Ms Lyons went on to say that, even if the applicant's reasons for seeking access to the withheld details could be said to amount to a valid public interest argument, she did not consider the extent to which that public interest would be so served would be sufficient to require the breach of the rights to privacy of the third party or parties whose information is at issue. Ms Lyons also noted that, while the FOI Act recognises the public interest in persons being able to exercise their rights under the Freedom of Information Act, she did not consider that this public interest alone would be sufficient to warrant the breach of a third party's right to privacy. Thus, she was of the view that the HSE was justified in refusing access to the withheld details.
Ms Lyons invited the applicant to make submissions to the Commissioner if he did not accept her views, and told him that the burden of demonstrating that there are true public interest(s), which outweigh the right to privacy of the third party or parties whose personal information is at issue, fell upon him. However, the applicant did not respond to her preliminary views letter. Given the inherently private nature of the withheld details, I agree with Ms Lyons' view that the public interest in granting the applicant's request does not outweigh the public interest in upholding the privacy interests of the third party or parties concerned. I find accordingly.

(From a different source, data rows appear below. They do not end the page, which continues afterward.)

(* Let $\mathcal{A}=(Q,\Sigma,q_I,\delta,\Omega,\mathrm{Cst})$ be a parity automaton with costs. Let $(\rho_j^1)_{j\in\mathbb{N}}$ and $(\rho_j^2)_{j\in\mathbb{N}}$ be sequences of non-empty finite runs of $\mathcal{A}$ such that, for every $j$, $\rho_j^1$ and $\rho_j^2$ have the same type, and such that $\sup_j |\rho_j^2| = d<\infty$ (where $|\rho|$ is the number of transitions of $\rho$). Suppose that $\rho'=\rho_0^1\rho_1^1\rho_2^1\cdots$ is an infinite run (i.e., each $\rho_j^1$ ends in the state in which $\rho_{j+1}^1$ starts), and let $\rho''=\rho_0^2\rho_1^2\rho_2^2\cdots$. If $\limsup_{n\to\infty}\mathrm{Cor}(\rho',n)\le b$ for some $b\in\mathbb{N}$, then $\limsup_{n\to\infty}\mathrm{Cor}(\rho'',n)\le (b+2)\cdot d$. In particular, if $\rho'$ is accepting, then $\rho''$ is accepting as well.
   Context: A parity automaton with costs is a tuple $\mathcal{A}=(Q,\Sigma,q_I,\delta,\Omega,\mathrm{Cst})$ with a finite set $Q$ of states, a finite alphabet $\Sigma$, an initial state $q_I\in Q$, a deterministic complete transition function $\delta\colon Q\times\Sigma\to Q$ (also viewed as the set of transitions $(q,a,\delta(q,a))$), a coloring $\Omega\colon Q\to\mathbb{N}$, and a cost function $\mathrm{Cst}$ assigning to every transition either $\epsilon$ or $\mathtt{i}$ (the latter are called increment-transitions). Throughout, $\Omega(Q)$ contains both an even and an odd color. A run from $q_0$ on $a_0a_1\cdots$ is the sequence of transitions $(q_0,a_0,q_1)(q_1,a_1,q_2)\cdots$ with $q_{j+1}=\delta(q_j,a_j)$; the cost of a finite run is its number of increment-transitions. For odd $c$, let $\mathrm{Ans}(c)=\{c'\in\Omega(Q)\mid c'>c,\ c'\text{ even}\}$. For an infinite run $\rho=(q_0,a_0,q_1)(q_1,a_1,q_2)\cdots$ and $n\in\mathbb{N}$, $\mathrm{Cor}(\rho,n)=0$ if $\Omega(q_n)$ is even, and otherwise $\mathrm{Cor}(\rho,n)$ is the minimum of the costs of $(q_n,a_n,q_{n+1})\cdots(q_{n'-1},a_{n'-1},q_{n'})$ over all $n'>n$ with $\Omega(q_{n'})\in\mathrm{Ans}(\Omega(q_n))$, with $\min\emptyset=\infty$. An infinite run $\rho$ is accepting if $\limsup_{n\to\infty}\mathrm{Cor}(\rho,n)<\infty$. The type of a non-empty finite run $(q_0,a_0,q_1)\cdots(q_{n-1},a_{n-1},q_n)$ is the tuple $(q_0,q_n,c_0,c_1,\ell)$ where (with $\max\emptyset=\bot$) $c_0=\max\{\Omega(q_j)\mid 0\le j\le n,\ \Omega(q_j)\text{ even}\}$, $c_1=\max\{\Omega(q_j)\mid 0\le j\le n,\ \Omega(q_j)\text{ odd},\ \Omega(q_{j'})\notin\mathrm{Ans}(\Omega(q_j))\text{ for all }j<j'\le n\}$ (the maximal unanswered request), and $\ell=\mathtt{i}$ iff the run contains an increment-transition, $\ell=\epsilon$ otherwise. *)

theory Defs
  imports Main "HOL-Library.Extended_Nat" "HOL-Library.Liminf_Limsup"
begin

text \<open>States are a finite type 'q, letters a finite
 type 'a; the deterministic complete transition function is delta, colouring Omega,
 and Cst assigns a cost (Eps or Inc) to each transition (q, a, delta q a).\<close>

datatype cost = Eps | Inc

type_synonym ('q,'a) trans = "'q \<times> 'a \<times> 'q"

definition src :: "('q,'a) trans \<Rightarrow> 'q" where "src t = fst t"
definition tgt :: "('q,'a) trans \<Rightarrow> 'q" where "tgt t = snd (snd t)"
definition lbl :: "('q,'a) trans \<Rightarrow> 'a" where "lbl t = fst (snd t)"

definition is_trans :: "('q \<Rightarrow> 'a \<Rightarrow> 'q) \<Rightarrow> ('q,'a) trans \<Rightarrow> bool" where
  "is_trans delta t \<longleftrightarrow> tgt t = delta (src t) (lbl t)"

definition is_incr :: "('q \<Rightarrow> 'a \<Rightarrow> cost) \<Rightarrow> ('q,'a) trans \<Rightarrow> bool" where
  "is_incr Cst t \<longleftrightarrow> Cst (src t) (lbl t) = Inc"

definition colours_ok :: "('q \<Rightarrow> nat) \<Rightarrow> bool" where
  "colours_ok Omega \<longleftrightarrow> (\<exists>q. even (Omega q)) \<and> (\<exists>q. odd (Omega q))"

definition is_fin_run :: "('q \<Rightarrow> 'a \<Rightarrow> 'q) \<Rightarrow> ('q,'a) trans list \<Rightarrow> bool" where
  "is_fin_run delta ts \<longleftrightarrow> ts \<noteq> [] \<and> (\<forall>t\<in>set ts. is_trans delta t) \<and>
     (\<forall>i. Suc i < length ts \<longrightarrow> tgt (ts ! i) = src (ts ! Suc i))"

definition is_inf_run :: "('q \<Rightarrow> 'a \<Rightarrow> 'q) \<Rightarrow> (nat \<Rightarrow> ('q,'a) trans) \<Rightarrow> bool" where
  "is_inf_run delta r \<longleftrightarrow> (\<forall>n. is_trans delta (r n)) \<and> (\<forall>n. tgt (r n) = src (r (Suc n)))"

definition start_pos :: "(nat \<Rightarrow> 'b list) \<Rightarrow> nat \<Rightarrow> nat" where
  "start_pos xs j = (\<Sum>i<j. length (xs i))"

definition concat_inf :: "(nat \<Rightarrow> 'b list) \<Rightarrow> nat \<Rightarrow> 'b" where
  "concat_inf xs n = (let j = (LEAST j. n < start_pos xs (Suc j)) in xs j ! (n - start_pos xs j))"

definition Ans :: "('q \<Rightarrow> nat) \<Rightarrow> nat \<Rightarrow> nat set" where
  "Ans Omega c = {c'. c' \<in> range Omega \<and> c' > c \<and> even c'}"

definition st :: "(nat \<Rightarrow> ('q,'a) trans) \<Rightarrow> nat \<Rightarrow> 'q" where
  "st r n = src (r n)"

definition seg_cost :: "('q \<Rightarrow> 'a \<Rightarrow> cost) \<Rightarrow> (nat \<Rightarrow> ('q,'a) trans) \<Rightarrow> nat \<Rightarrow> nat \<Rightarrow> nat" where
  "seg_cost Cst r n n' = card {k. n \<le> k \<and> k < n' \<and> is_incr Cst (r k)}"

definition Cor :: "('q \<Rightarrow> nat) \<Rightarrow> ('q \<Rightarrow> 'a \<Rightarrow> cost) \<Rightarrow> (nat \<Rightarrow> ('q,'a) trans) \<Rightarrow> nat \<Rightarrow> enat" where
  "Cor Omega Cst r n =
     (if even (Omega (st r n)) then 0
      else Inf {enat (seg_cost Cst r n n') | n'. n' > n \<and> Omega (st r n') \<in> Ans Omega (Omega (st r n))})"

definition accepting :: "('q \<Rightarrow> nat) \<Rightarrow> ('q \<Rightarrow> 'a \<Rightarrow> cost) \<Rightarrow> (nat \<Rightarrow> ('q,'a) trans) \<Rightarrow> bool" where
  "accepting Omega Cst r \<longleftrightarrow> limsup (Cor Omega Cst r) < \<infinity>"

text \<open>Types of non-empty finite runs; None plays the role of bottom.\<close>
definition fstates :: "('q,'a) trans list \<Rightarrow> 'q list" where
  "fstates ts = src (hd ts) # map tgt ts"

definition max_opt :: "nat set \<Rightarrow> nat option" where
  "max_opt S = (if S = {} then None else Some (Max S))"

definition run_type :: "('q \<Rightarrow> nat) \<Rightarrow> ('q \<Rightarrow> 'a \<Rightarrow> cost) \<Rightarrow> ('q,'a) trans list
    \<Rightarrow> 'q \<times> 'q \<times> nat option \<times> nat option \<times> cost" where
  "run_type Omega Cst ts =
    (let qs = fstates ts; n = length ts in
     (qs ! 0, qs ! n,
      max_opt {Omega (qs ! j) | j. j \<le> n \<and> even (Omega (qs ! j))},
      max_opt {Omega (qs ! j) | j. j \<le> n \<and> odd (Omega (qs ! j)) \<and>
                 (\<forall>j'. j < j' \<and> j' \<le> n \<longrightarrow> Omega (qs ! j') \<notin> Ans Omega (Omega (qs ! j)))},
      (if \<exists>t\<in>set ts. is_incr Cst t then Inc else Eps)))"

end

theory Submission
  imports Defs
begin

text \<open>Both runs are cut into their blocks. Take a late position n of the second run, in block j,
  with an odd colour c. If c is answered inside block j, the cost of answering it is at most d.
  Otherwise the equal types give an unanswered request y \<ge> c in block j of the first run; past
  the threshold the first run answers y at cost at most b in some later block j', and the maximal
  even colour of block j' of the second run, which is at least that answer, then answers c. Every
  block strictly between j and j' containing an increment costs the first run at least one
  increment, and every block of the second run contains at most d increments, so together with
  the blocks j and j' the second run answers c at cost at most (b + 2) d.\<close>

section \<open>Blocks of an infinite concatenation\<close>

lemma start_pos_Suc: "start_pos xs (Suc j) = start_pos xs j + length (xs j)"
  by (simp add: start_pos_def)

lemma start_pos_mono: "a \<le> b \<Longrightarrow> start_pos xs a \<le> start_pos xs b"
  by (induction b) (auto simp: start_pos_Suc le_Suc_eq)

lemma le_start_pos:
  assumes "\<And>j. xs j \<noteq> []"
  shows "j \<le> start_pos xs j"
proof (induction j)
  case (Suc j)
  have "length (xs j) > 0" using assms by simp
  with Suc show ?case by (simp add: start_pos_Suc del: length_greater_0_conv)
qed simp

lemma le_block_index:
  assumes "i < length (xs m)" "start_pos xs j \<le> start_pos xs m + i"
  shows "j \<le> m"
proof (rule ccontr)
  assume "\<not> j \<le> m"
  then have "start_pos xs (Suc m) \<le> start_pos xs j" by (intro start_pos_mono) simp
  with assms show False by (simp add: start_pos_Suc)
qed

lemma block_index_le:
  assumes "start_pos xs m + i < start_pos xs (Suc j)"
  shows "m \<le> j"
proof (rule ccontr)
  assume "\<not> m \<le> j"
  then have "start_pos xs (Suc j) \<le> start_pos xs m" by (intro start_pos_mono) simp
  with assms show False by simp
qed

lemma concat_inf_start_pos:
  assumes "i < length (xs j)"
  shows "concat_inf xs (start_pos xs j + i) = xs j ! i"
proof -
  have "(LEAST j'. start_pos xs j + i < start_pos xs (Suc j')) = j"
    using assms by (intro Least_equality) (auto simp: start_pos_Suc intro: block_index_le)
  then show ?thesis by (simp add: concat_inf_def)
qed

lemma ex_block_index:
  assumes "\<And>j. xs j \<noteq> []"
  obtains j i where "i < length (xs j)" "n = start_pos xs j + i"
proof -
  have "n < start_pos xs (Suc n)" using le_start_pos[of xs "Suc n"] assms by simp
  then obtain j where "\<not> n < start_pos xs j" "n < start_pos xs (Suc j)"
    using ex_least_nat_less[of "\<lambda>j. n < start_pos xs j" "Suc n"] by (auto simp: start_pos_def)
  then show ?thesis by (intro that[of "n - start_pos xs j" j]) (auto simp: start_pos_Suc)
qed

lemma fstates_nth_less:
  assumes "is_fin_run delta ts" "i < length ts"
  shows "fstates ts ! i = src (ts ! i)"
proof (cases i)
  case 0
  then show ?thesis using assms by (cases ts) (auto simp: fstates_def is_fin_run_def)
next
  case (Suc k)
  then show ?thesis using assms unfolding is_fin_run_def by (simp add: fstates_def)
qed

lemma fstates_nth_length:
  "ts \<noteq> [] \<Longrightarrow> fstates ts ! length ts = tgt (ts ! (length ts - 1))"
  by (cases ts) (auto simp: fstates_def nth_Cons split: nat.splits)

Section 28(5)(b) provides that a record, which has been found to be exempt under section 28(1), may still be released if it can be demonstrated that the grant of the request would benefit the third party or parties whose information may be released. I agree with Ms Lyons' view that release of the withheld details would not "benefit the individual" to whom it relates (i.e. the third party or parties) and thus I find that the withheld details should not be released further to section 28(5)(b) of the FOI Act.
Having carried out a review under section 34(2) of the FOI Act, I hereby affirm the HSE's refusal of the withheld details.
A party to a review, or any other person affected by a decision of the Information Commissioner following a review, may appeal to the High Court on a point of law arising from the decision. Such an appeal must be initiated not later than eight weeks from the date on which notice of the decision was given to the person bringing the appeal.